- [DATA SHOWN]:
== Segment start ==

text \<open>Left of the cut every minus sits right below a plus, which precedes it in reading order.\<close>
lemma minus_preceded_on_left: "minus_preceded (Suc rho) word_before (length right_cells)"
  unfolding minus_preceded_def
proof (intro allI impI)
  fix q assume q: "length right_cells \<le> q \<and> q < length word_before \<and> word_before!q = Suc (Suc rho)"
  then have ql: "q < length cells" by (simp add: stage_word_def)
  note left = left_cell[OF conjunct1[OF q] ql]
  obtain k c where kc: "cells!q = (k, c)" by (cases "cells!q")
  have c: "c < cut" using left(3) kc by simp
  have v: "k < r" "c < len k" using cell_at[OF ql kc] by auto
  have "k = Suc rho"
    using left_minus_entry[OF v c] q nth_word_before[OF ql] kc by simp
  then have "left_cells!(q - length right_cells) = (Suc rho, c)"
    using left(1) kc by simp
  moreover have left_eq:
    "left_cells = concat (map (\<lambda>c. map (\<lambda>k. (k, c)) [0..<column_height c]) (rev [0..<cut]))"
    unfolding left_cells_def column_cells_eq by simp
  ultimately have "1 \<le> q - length right_cells \<and> left_cells!(q - length right_cells - 1) = (rho, c)"
    using column_predecessor[OF left_eq left(2)] by blast
  then have q1: "length right_cells < q" "cells!(q - 1) = (rho, c)"
    using left_cell(1)[of "q - 1"] ql by auto
  have "c < len rho" "T!rho!c \<le> beta" using c cut_le cut_char[of c] by auto
  then have "word_before!(q - 1) = Suc rho"
    using plus_entry[OF rho_less] nth_word_before[of "q - 1"] ql q1 by simp
  then show "length right_cells < q \<and> word_before!(q - 1) = Suc rho" using q1 by simp
qed

definition unmatched :: "nat list" where
  "unmatched = filter (\<lambda>p. word_before!p = Suc (Suc rho)) [0..<length right_cells]"

lemma signature_word_before: "\<exists>bs. signature (Suc rho) word_before = structured unmatched bs"
  unfolding unmatched_def
  by (rule signature_structured) (use no_plus_on_right minus_preceded_on_left cells_split in \<open>auto simp: stage_word_def\<close>)

lemma set_unmatched: "set unmatched = {p. p < length cells \<and> cells!p \<in> boxes}"
proof (intro set_eqI iffI)
  fix p assume "p \<in> set unmatched"
  then have p: "p < length right_cells" "word_before!p = Suc (Suc rho)" unfolding unmatched_def by auto
  then have pl: "p < length cells" using cells_split by simp
  obtain k c where kc: "cells!p = (k, c)" by (cases "cells!p")
  have v: "k < r" "c < len k" using cell_at[OF pl kc] by auto
  have "(k, c) \<in> boxes"
    using right_minus_entry[OF v] right_cell[OF p(1) kc] p(2) nth_word_before[OF pl] kc by simp
  then show "p \<in> {p. p < length cells \<and> cells!p \<in> boxes}" using pl kc by simp
next
  fix p assume "p \<in> {p. p < length cells \<and> cells!p \<in> boxes}"
  then have pl: "p < length cells" and box: "cells!p \<in> boxes" by auto
  obtain k c where kc: "cells!p = (k, c)" by (cases "cells!p")
  have v: "k < r" "c < len k" using cell_at[OF pl kc] by auto
  have minus: "cut \<le> c \<and> entry_before (k, c) = Suc (Suc rho)"
    using right_minus_entry[OF v] box kc by simp
  have "p < length right_cells"
  proof (rule ccontr)
    assume "\<not> p < length right_cells"
    then have "c < cut" using left_cell(3)[of p] pl kc by simp
    then show False using minus by simp
  qed
  then show "p \<in> set unmatched" unfolding unmatched_def using minus nth_word_before[OF pl] kc by simp
qed
(* Let $\ell,m,n\in\mathbb{N}_0$ with $m+n\ge1$ and $k=\ell+m\ge1$, and fix a word pattern of $N=\ell+m+n$ letters from $\{M,S,T\}$ with exactly $\ell$ letters $M$, $m$ letters $S$, $n$ letters $T$. Then there exist integers $a_j,b_j$ ($j=1,\dots,k$), depending only on the pattern and not on $g$, such that for every $g\in\mathcal{H}(\mathbb{D})$ the corresponding $g$-word $L\in W_g(\ell,m,n)$ satisfies $$L=(1-\delta_L)S_g^kT_g^n+\delta_LS_g^kT_g^n\Pi_0+\sum_{j=1}^ka_jS_g^{k-j}T_g^{n+j}+\sum_{j=1}^kb_jS_g^{k-j}T_g^{n+j}\Pi_0,$$ where $\delta_L=0$ if $L$ ends in $T_gM_g^i$ for some $i\in\mathbb{N}_0$ and $\delta_L=1$ if $L$ ends in $S_gM_g^i$ for some $i\in\mathbb{N}_0$. In particular, there are integers $c_j$ independent of $g$ with $$L=S_g^kT_g^n+\sum_{j=1}^kc_jS_g^{k-j}T_g^{n+j}\quad\text{on }\mathcal{H}_0(\mathbb{D}).$$
   Context: $\mathcal{H}(\mathbb{D})$ is the space of analytic functions on the unit disc, $\mathcal{H}_0(\mathbb{D})=\{f\in\mathcal{H}(\mathbb{D}):f(0)=0\}$, and $\Pi_0f=f-f(0)$. For $g\in\mathcal{H}(\mathbb{D})$: $M_gf=gf$, $T_gf(z)=\int_0^zf(\zeta)g'(\zeta)d\zeta$, $S_gf(z)=\int_0^zf'(\zeta)g(\zeta)d\zeta$; $S_g^0,T_g^0$ are the identity. $W_g(\ell,m,n)$ is the set of products $L_1\cdots L_N$ with each $L_j\in\{M_g,S_g,T_g\}$ and exactly $\ell$, $m$, $n$ factors equal to $M_g,S_g,T_g$ respectively. "$L$ ends in $T_gM_g^i$" means $L=L'T_gM_g^i$ for some (possibly empty) word $L'$. *)

theory Defs
  imports "HOL-Complex_Analysis.Complex_Analysis"
begin

text \<open>Functions on the unit disc are modelled as total functions complex \<Rightarrow> complex;
  only their values on the open unit disc (ball 0 1) matter.\<close>

definition Mop :: "(complex \<Rightarrow> complex) \<Rightarrow> (complex \<Rightarrow> complex) \<Rightarrow> (complex \<Rightarrow> complex)" where
  "Mop g f = (\<lambda>z. g z * f z)"

definition Top :: "(complex \<Rightarrow> complex) \<Rightarrow> (complex \<Rightarrow> complex) \<Rightarrow> (complex \<Rightarrow> complex)" where
  "Top g f = (\<lambda>z. contour_integral (linepath 0 z) (\<lambda>w. f w * deriv g w))"

definition Sop :: "(complex \<Rightarrow> complex) \<Rightarrow> (complex \<Rightarrow> complex) \<Rightarrow> (complex \<Rightarrow> complex)" where
  "Sop g f = (\<lambda>z. contour_integral (linepath 0 z) (\<lambda>w. deriv f w * g w))"

definition Pi0 :: "(complex \<Rightarrow> complex) \<Rightarrow> (complex \<Rightarrow> complex)" where
  "Pi0 f = (\<lambda>z. f z - f 0)"

datatype letter = LM | LS | LT

fun letter_op :: "(complex \<Rightarrow> complex) \<Rightarrow> letter \<Rightarrow> (complex \<Rightarrow> complex) \<Rightarrow> (complex \<Rightarrow> complex)" where
  "letter_op g LM = Mop g"
| "letter_op g LS = Sop g"
| "letter_op g LT = Top g"

fun word_op :: "(complex \<Rightarrow> complex) \<Rightarrow> letter list \<Rightarrow> (complex \<Rightarrow> complex) \<Rightarrow> (complex \<Rightarrow> complex)" where
  "word_op g [] = id"
| "word_op g (x # xs) = letter_op g x \<circ> word_op g xs"

definition count_letter :: "letter \<Rightarrow> letter list \<Rightarrow> nat" where
  "count_letter c w = length (filter (\<lambda>x. x = c) w)"

definition ends_in_S :: "letter list \<Rightarrow> bool" where
  "ends_in_S w \<longleftrightarrow> (\<exists>w' i. w = w' @ [LS] @ replicate i LM)"

definition ends_in_T :: "letter list \<Rightarrow> bool" where
  "ends_in_T w \<longleftrightarrow> (\<exists>w' i. w = w' @ [LT] @ replicate i LM)"

end

theory Submission
  imports Defs
begin

text \<open>On functions vanishing at 0 the product rule gives M = S + T and T S = (S - T) T, hence
  T^d S = S T^d - d T^(d+1). Multiplying a sum of terms c_d S^(N-d) T^d on the right by any letter
  therefore gives a sum of the same shape, with integer coefficients computed symbolically, and
  the coefficient of the lowest power of T, i.e. of S^k T^n, stays 1. For an arbitrary f only
  the last letter other than M matters: T M^i = S^i T and S M^i = S^(i+1) Pi_0 + i S^i T hold on
  all holomorphic functions, and after them every operand vanishes at 0.\<close>

lemma count_letter_Nil [simp]: "count_letter a [] = 0"
  by (simp add: count_letter_def)

lemma count_letter_Cons [simp]:
  "count_letter a (x # w) = (if x = a then 1 else 0) + count_letter a w"
  by (simp add: count_letter_def)

lemma count_letter_append [simp]: "count_letter a (v @ w) = count_letter a v + count_letter a w"
  by (simp add: count_letter_def)

lemma count_letter_replicate [simp]: "count_letter a (replicate i x) = (if x = a then i else 0)"
  by (induction i) simp_all

lemma count_letter_eq_0_iff: "count_letter a w = 0 \<longleftrightarrow> a \<notin> set w"
  by (induction w) auto

lemma length_eq_count_letters:
  "length w = count_letter LM w + count_letter LS w + count_letter LT w"
proof (induction w)
  case (Cons x w)
  then show ?case
    by (cases x) simp_all
qed simp

lemma split_last_non_LM:
  assumes "x \<in> set w" and "x \<noteq> LM"
  obtains v y i where "y \<noteq> LM" and "w = v @ [y] @ replicate i LM"
  using assms
proof (induction w arbitrary: thesis rule: rev_induct)
  case (snoc x' w)
  show ?case
  proof (cases "x' = LM")
    case True
    then obtain v y i where "y \<noteq> LM" and "w = v @ [y] @ replicate i LM"
      using snoc.IH snoc.prems(2,3) by auto
    then show ?thesis
      using True snoc.prems(1)[of y v "Suc i"] by (simp add: replicate_append_same[symmetric])
  next
    case False
    then show ?thesis
      using snoc.prems(1)[of x' w 0] by simp
  qed
qed simp

lemma last_non_LM_unique:
  assumes "y \<noteq> LM" and "y' \<noteq> LM" and "v @ [y] @ replicate i LM = v' @ [y'] @ replicate i' LM"
  shows "y = y'"
proof -
  have "dropWhile (\<lambda>x. x = LM) (replicate j LM @ x # u) = x # u" if "x \<noteq> LM" for u x j
    using that by (induction j) simp_all
  then show ?thesis
    using arg_cong[OF assms(3), of "\<lambda>w. dropWhile (\<lambda>x. x = LM) (rev w)"] assms(1,2) by simp
qed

== Segment end ==

- [YOUR ASSIGNMENT]: All lines in the listing above from the line containing "only their values" to the line containing "(\<lambda>z. f z", inclusive, should be retyped exactly; no other lines should appear.

- [REPLY TO THE TASK]:
  only their values on the open unit disc (ball 0 1) matter.\<close>

definition Mop :: "(complex \<Rightarrow> complex) \<Rightarrow> (complex \<Rightarrow> complex) \<Rightarrow> (complex \<Rightarrow> complex)" where
  "Mop g f = (\<lambda>z. g z * f z)"

definition Top :: "(complex \<Rightarrow> complex) \<Rightarrow> (complex \<Rightarrow> complex) \<Rightarrow> (complex \<Rightarrow> complex)" where
  "Top g f = (\<lambda>z. contour_integral (linepath 0 z) (\<lambda>w. f w * deriv g w))"

definition Sop :: "(complex \<Rightarrow> complex) \<Rightarrow> (complex \<Rightarrow> complex) \<Rightarrow> (complex \<Rightarrow> complex)" where
  "Sop g f = (\<lambda>z. contour_integral (linepath 0 z) (\<lambda>w. deriv f w * g w))"

definition Pi0 :: "(complex \<Rightarrow> complex) \<Rightarrow> (complex \<Rightarrow> complex)" where
  "Pi0 f = (\<lambda>z. f z - f 0)"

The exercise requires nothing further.